Observing the ridge plot of the positive sentiment with each cluster, we see that there is no clear patterns and that the positive sentiment in Martins description is not connected to any topic; a possible alternative hypothesis would be that in the case for example if Martin preferred NLP over any other topic, then he would post more NLP related notebooks and make somewhat more positive statements about those notebooks this is in contrast to what we actually see, and that is usually a multimodal distribution in each of our clusters.

In [None]:
mean_df = hg_data.groupby('date').mean()
b_date_mean = mean_df.reset_index()


fig = go.Figure()

for column in ['Mean_Word_Length','Number_Of_Words','Positive Sentiment','Negative Sentiment']:
    fig.add_trace(
        go.Scatter(
            x = b_date_mean.date,
            y = b_date_mean[column],
            name = column,
            mode='lines'
        )
    )
    

btns = []
for x,col in enumerate(['Mean_Word_Length','Number_Of_Words','Positive Sentiment','Negative Sentiment']):
    bol = [False]*12
    bol[x]=True
    d = dict(label = col,
                  method = 'update',
                  args = [{'visible':bol},
                          {'title': 'Distribution of [' +col+'] Over Our Timeline',
                           'showlegend':True}])
    btns.append(d)
    
    
fig.update_layout(title='How Different Text Attributes Change Over The History of "Hidden Gems"',
    updatemenus=[go.layout.Updatemenu(
        active=0,
        showactive=True,
        buttons=btns
        )
    ])

fig.update_xaxes(title_text='Date')
fig.update_yaxes(title_text='Post Mean Value')

fig.show()

The above interactive plots let us observe how different attributes regarding Martin's descriptions change over the lifetime of the "hidden gems" posts.
Looking closely at positive sentiment and its deviation through time, it seems there was a slight decline and another incline around December of 2020.



In [None]:
fig = make_subplots(rows=4, cols=2, subplot_titles=('Observed Pos', 'Observed Neg', 'Trend Pos','Trend Neg','Seasonal Pos','Seasonal Neg','Residual Pos','Residual Neg'))
lbl = ['Positive','Negative']

for idx,column in enumerate(['Positive Sentiment','Negative Sentiment']):
    res = seasonal_decompose(b_date_mean[column], period=4, model='additive', extrapolate_trend='freq')
    
    fig.add_trace(
    go.Scatter(x=b_date_mean.date, y=res.observed,name='{} Observed'.format(lbl[idx])),
    row=1, col=idx+1)
    
    fig.add_trace(
    go.Scatter(x=b_date_mean.date, y=res.trend,name='{} Trend'.format(lbl[idx])),
    row=2, col=idx+1)
    
    fig.add_trace(
    go.Scatter(x=b_date_mean.date, y=res.seasonal,name='{} Seasonal'.format(lbl[idx])),
    row=3, col=idx+1)
    
    fig.add_trace(
    go.Scatter(x=b_date_mean.date, y=res.resid,name='{} Residual'.format(lbl[idx])),
    row=4, col=idx+1)
            
fig.update_layout(height=600, width=900, title_text="Decomposition Of Our Sentiments into Trend,Level,Seasonality and Residuals")
fig.show()

Treating the positive sentiment of Martin's descriptions as our signal and decomposing it into three components (trend, seasonal and residual) based on a period value of 4 (each month), we see that indeed there was somewhat a trend on a decline in July of 2020 and hitting is minima at December of 2020 after which an incline is observed, 
I wonder what happened in those months that show such underlying behavior.

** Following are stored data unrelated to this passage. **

lemma encode_atom:
  assumes j: "j < length (patoms I)" "patoms I ! j = (u, v, v')"
  shows "cons_sat rel (atom_gadget sa sb sg j (u, v, v')) (encode I g)"
proof -
  have "(u, v, v') \<in> set (patoms I)" using j by (metis nth_mem)
  then have R: "(g u, g v, g v') \<in> pent_R P \<alpha> \<beta> \<gamma>" and
    sorts: "u \<in> pX I \<union> pEX I" "v \<in> pY I \<union> pEY I" "v' \<in> pY I \<union> pEY I"
    using atoms wf unfolding pent_wf_def by fastforce+
  note mem = atom_witness[OF R] encode_var_in_class(1) sorts
  note in_\<beta> = in_quotient_imp_in_rel[OF equiv_\<beta> first_sort[rule_format, OF sorts(1)]]
  note in_\<gamma> = in_quotient_imp_in_rel[OF equiv_\<gamma> second_sort[rule_format, OF sorts(2)]]
    in_quotient_imp_in_rel[OF equiv_\<gamma> second_sort[rule_format, OF sorts(3)]]
  have "(encode I g (8 * j + 2), encode I g (4 * u)) \<in> \<beta>" "(encode I g (8 * j + 6), encode I g (4 * u)) \<in> \<beta>"
    unfolding encode_simps(3,4)[OF j(2)] by (rule in_\<beta>; use mem in auto)+
  moreover have "(encode I g (8 * j + 2), encode I g (4 * v)) \<in> \<gamma>" "(encode I g (8 * j + 6), encode I g (4 * v')) \<in> \<gamma>"
    unfolding encode_simps(3,4)[OF j(2)] by (rule in_\<gamma>; use mem in auto)+
  moreover have "(encode I g (8 * j + 2), encode I g (8 * j + 6)) \<in> \<alpha>"
    unfolding encode_simps(3,4)[OF j(2)] using atom_witness(3)[OF R] by simp
  ultimately show ?thesis unfolding cons_sat_atom_gadget by auto
qed

lemma encode_eq:
  assumes "(u, v) \<in> set (peqs I)"
  shows "(encode I g (4 * u), encode I g (4 * v)) \<in> binrel rel (if u \<in> pX I \<union> pEX I then sb else sg)"
proof -
  have "encode I g (4 * u) = encode I g (4 * v)" using eqs assms unfolding encode_simps by auto
  moreover have "(u \<in> pX I \<union> pEX I \<and> v \<in> pX I \<union> pEX I) \<or> (u \<in> pY I \<union> pEY I \<and> v \<in> pY I \<union> pEY I)"
    using wf assms unfolding pent_wf_def by auto
  ultimately show ?thesis
    using encode_var_in_class(2) pent_wf_sorts_disjoint[OF wf] equiv_\<beta> equiv_\<gamma>
    unfolding equiv_def refl_on_def by auto
qed

lemma encode_in_P:
  assumes "w \<in> set (pp_scope n I)"
  shows "encode I g w \<in> P"
proof -
  consider i where "i < n" "w = 4 * i + 1" | v where "v \<in> pX I \<union> pY I \<union> pEX I \<union> pEY I" "w = 4 * v"
    | j u v v' where "j < length (patoms I)" "patoms I ! j = (u, v, v')" "w \<in> {8 * j + 2, 8 * j + 6}"
    using assms pent_wf_finite_vars[OF wf] by (auto simp: set_pp_scope) (metis prod_cases3)+
  then show ?thesis
  proof cases
    case 1 then show ?thesis using set_ps encode_simps(2)[of I g i] by auto
  next
    case 2 then show ?thesis using encode_var_in_class(2) by simp
  next
    case (3 j u v v')
    then have "(g u, g v, g v') \<in> pent_R P \<alpha> \<beta> \<gamma>" using atoms by (metis nth_mem case_prodD)
    then have "atom_witness (g u) (g v) (g v') \<in> P \<times> P" using atom_witness(3) by blast
    then show ?thesis using 3(3) encode_simps(3,4)[OF 3(2)] by (auto simp: mem_Times_iff)
  qed
qed

lemma encode_atom_constraints: "cons_sat rel (atom_constraints sa sb sg I) (encode I g)"
  unfolding cons_sat_atom_constraints
proof (intro allI impI)
  fix j assume "j < length (patoms I)"
  moreover obtain u v v' where "patoms I ! j = (u, v, v')" by (metis prod_cases3)
  ultimately show "cons_sat rel (atom_gadget sa sb sg j (patoms I ! j)) (encode I g)"
    using encode_atom by simp
qed

lemma encode_eq_constraints: "cons_sat rel (eq_constraints sb sg I) (encode I g)"
  unfolding cons_sat_eq_constraints using encode_eq by blast

end

lemma red_complete:
  assumes wf: "pent_wf I" and sat: "pent_sat P \<alpha> \<beta> \<gamma> I f"
  shows "csp_sat rel (red I) (red_assign ps f)"
proof -
  obtain g where g_free: "\<forall>v \<in> pent_vars I. g v = f v"
    and g: "\<forall>v \<in> pX I \<union> pEX I. g v \<in> P // \<beta>" "\<forall>v \<in> pY I \<union> pEY I. g v \<in> P // \<gamma>"
      "\<forall>(u, v, v') \<in> set (patoms I). (g u, g v, g v') \<in> pent_R P \<alpha> \<beta> \<gamma>" "\<forall>(u, v) \<in> set (peqs I). g u = g v"
    using sat unfolding pent_sat_def pent_B_def pent_C_def by blast
  define G0 where "G0 = encode I g"
  have G0: "\<forall>w \<in> set (pp_scope n I). G0 w \<in> P" "\<forall>w \<in> red_vars n I. G0 w = red_assign ps f w"
    "cons_sat rel (atom_constraints sa sb sg I) G0" "cons_sat rel (eq_constraints sb sg I) G0"
    using encode_in_P[OF wf g] encode_atom_constraints[OF wf g] encode_eq_constraints[OF wf g] g_free
      encode_simps(1,2)[of I g] unfolding G0_def red_vars_def red_assign_def pent_vars_def by auto
  obtain G where G: "\<forall>w \<in> set (pp_scope n I). G w = G0 w" "cons_sat rel (pp_cs I) G"
    using pp_cs_extends[OF G0(1)] .
  have agree: "cons_sat rel cs G = cons_sat rel cs G0"
    if "\<And>r xs. (r, xs) \<in> set cs \<Longrightarrow> set xs \<subseteq> set (pp_scope n I)" for cs
    by (rule cons_sat_cong) (use that G(1) in blast)
  have "cons_sat rel (atom_constraints sa sb sg I) G"
    using agree[of "atom_constraints sa sb sg I", OF atom_constraints_scope(3)[OF wf]] G0(3) by simp
  moreover have "cons_sat rel (eq_constraints sb sg I) G"
    using agree[of "eq_constraints sb sg I", OF eq_constraints_scope(3)[OF wf]] G0(4) by simp
  ultimately have "cons_sat rel (constraints I) G" using G(2) unfolding constraints_def by simp
  moreover have "\<forall>w \<in> red_vars n I. G w = red_assign ps f w"
    using G0(2) G(1) red_vars_subset_pp_scope[OF pent_wf_finite_vars[OF wf], of n] by auto
  ultimately show ?thesis
    unfolding csp_sat_def cons_sat_def by (intro exI[of _ G]) (simp add: red_inst_def)
qed

lemma decode_differs:
  assumes wf: "pent_wf I" and asg: "pent_assign P \<beta> \<gamma> I f" and v: "v \<in> pent_vars I"
    and differs: "f v \<noteq> decode I G v"
  shows "red_assign ps f (4 * v) \<noteq> G (4 * v)"
proof
  assume "red_assign ps f (4 * v) = G (4 * v)"
  then have rep: "G (4 * v) = (SOME x. x \<in> f v)" unfolding red_assign_def by simp
  show False
  proof (cases "v \<in> pX I")
    case True
    then have "f v \<in> P // \<beta>" using asg unfolding pent_assign_def pent_B_def by auto
    then show False using differs True Image_some_in_quotient[OF equiv_\<beta>] rep unfolding decode_def by auto
  next
    case False
    then have "v \<in> pY I" "v \<notin> pEX I" using v wf unfolding pent_vars_def pent_wf_def by auto
    then have "f v \<in> P // \<gamma>" using asg unfolding pent_assign_def pent_C_def by auto
    then show False
      using differs False \<open>v \<notin> pEX I\<close> Image_some_in_quotient[OF equiv_\<gamma>] rep unfolding decode_def by auto
  qed
qed

lemma anchored_mismatch_weight:
  assumes wf: "pent_wf I" and asg: "pent_assign P \<beta> \<gamma> I f" and dist: "pent_dist P \<alpha> \<beta> \<gamma> I f \<ge> ereal \<epsilon>"
    and sat: "cons_sat rel (constraints I) G" and anchored: "\<forall>i < n. G (4 * i + 1) = ps ! i"
  shows "\<epsilon> / 2 \<le> (\<Sum>w \<in> {w \<in> red_vars n I. red_assign ps f w \<noteq> G w}. red_weight n I w)"
proof -
  define S where "S = {v \<in> pent_vars I. f v \<noteq> decode I G v}"
  have fin: "finite (pent_vars I)" "finite (red_vars n I)"
    using pent_wf_finite_vars[OF wf] unfolding pent_vars_def red_vars_def by auto
  have "ereal \<epsilon> \<le> ereal (\<Sum>v \<in> S. pweight I v)"
    using dist wdist_le_sum[of "decode I G"] decode_sat[OF wf sat anchored]
    unfolding pent_dist_def S_def by (meson mem_Collect_eq order_trans)
  moreover have sub: "(\<lambda>v. 4 * v) ` S \<subseteq> {w \<in> red_vars n I. red_assign ps f w \<noteq> G w}"
    using decode_differs[OF wf asg] unfolding S_def red_vars_def pent_vars_def by auto
  have "(\<Sum>w \<in> (\<lambda>v. 4 * v) ` S. red_weight n I w) \<le> (\<Sum>w \<in> {w \<in> red_vars n I. red_assign ps f w \<noteq> G w}. red_weight n I w)"
    by (rule sum_mono2[OF _ sub]) (use fin red_weight_nonneg[OF wf] in auto)
  moreover have "finite S" using fin unfolding S_def by simp
  ultimately show ?thesis by (simp add: red_weight_free_vars)
qed

lemma red_sound:
  assumes wf: "pent_wf I" and asg: "pent_assign P \<beta> \<gamma> I f" and "0 < \<epsilon>" "\<epsilon> < 1"
    and dist: "pent_dist P \<alpha> \<beta> \<gamma> I f \<ge> ereal \<epsilon>"
  shows "csp_dist rel (red I) (red_assign ps f) \<ge> ereal (1 / (2 * real n) * \<epsilon>)"
  unfolding csp_dist_def wdist_def
proof (rule INF_greatest)
  fix G assume "G \<in> {g. csp_sat rel (red I) g}"
  then obtain G' where agree: "\<forall>w \<in> red_vars n I. G' w = G w" and sat: "cons_sat rel (constraints I) G'"
    unfolding csp_sat_def cons_sat_def by (auto simp: red_inst_def)
  define DS where "DS = {w \<in> red_vars n I. red_assign ps f w \<noteq> G w}"
  have "1 / (2 * real n) * \<epsilon> \<le> (\<Sum>w \<in> DS. red_weight n I w)"
  proof (cases "\<forall>i < n. G (4 * i + 1) = ps ! i")
    case True
    then have "\<forall>i < n. G' (4 * i + 1) = ps ! i" using agree unfolding red_vars_def by auto
    moreover have "DS = {w \<in> red_vars n I. red_assign ps f w \<noteq> G' w}" using agree unfolding DS_def by auto
    ultimately have "\<epsilon> / 2 \<le> (\<Sum>w \<in> DS. red_weight n I w)"
      using anchored_mismatch_weight[OF wf asg dist sat] by simp
    moreover have "1 / (2 * real n) \<le> 1 / 2" using n_pos by (intro divide_left_mono) auto
    then have "1 / (2 * real n) * \<epsilon> \<le> 1 / 2 * \<epsilon>" using \<open>0 < \<epsilon>\<close> by (intro mult_right_mono) auto
    ultimately show ?thesis by linarith
  next
    case False
    then obtain i where "i < n" "G (4 * i + 1) \<noteq> ps ! i" by blast
    then have "4 * i + 1 \<in> DS" unfolding DS_def red_vars_def red_assign_def by auto
    then have "red_weight n I (4 * i + 1) \<le> (\<Sum>w \<in> DS. red_weight n I w)"
      by (rule member_le_sum) (use red_weight_nonneg[OF wf] pent_wf_finite_vars[OF wf] in
           \<open>auto simp: DS_def red_vars_def\<close>)
    moreover have "red_weight n I (4 * i + 1) = 1 / (2 * real n)" by (simp add: red_weight_def)
    moreover have "1 / (2 * real n) * \<epsilon> \<le> 1 / (2 * real n)" using \<open>\<epsilon> < 1\<close> by (intro mult_left_le) auto
    ultimately show ?thesis by linarith
  qed
  then show "ereal (1 / (2 * real n) * \<epsilon>) \<le> ereal (\<Sum>w \<in> {w \<in> cvars (red I). red_assign ps f w \<noteq> G w}. cweight (red I) w)"
    unfolding DS_def red_inst_def by simp
qed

It could be an interesting experiment to predict the positive sentiments of future hidden gems descriptions, but due to the non-stationary nature of the sentiments, this is not possible.


**Closing Note**: I personally like to thank Martin for bringing to light quality notebooks every week, helping new members of this amazing community get their hard word noticed, getting feedback and reviews that help them grow in the vast field known as data science.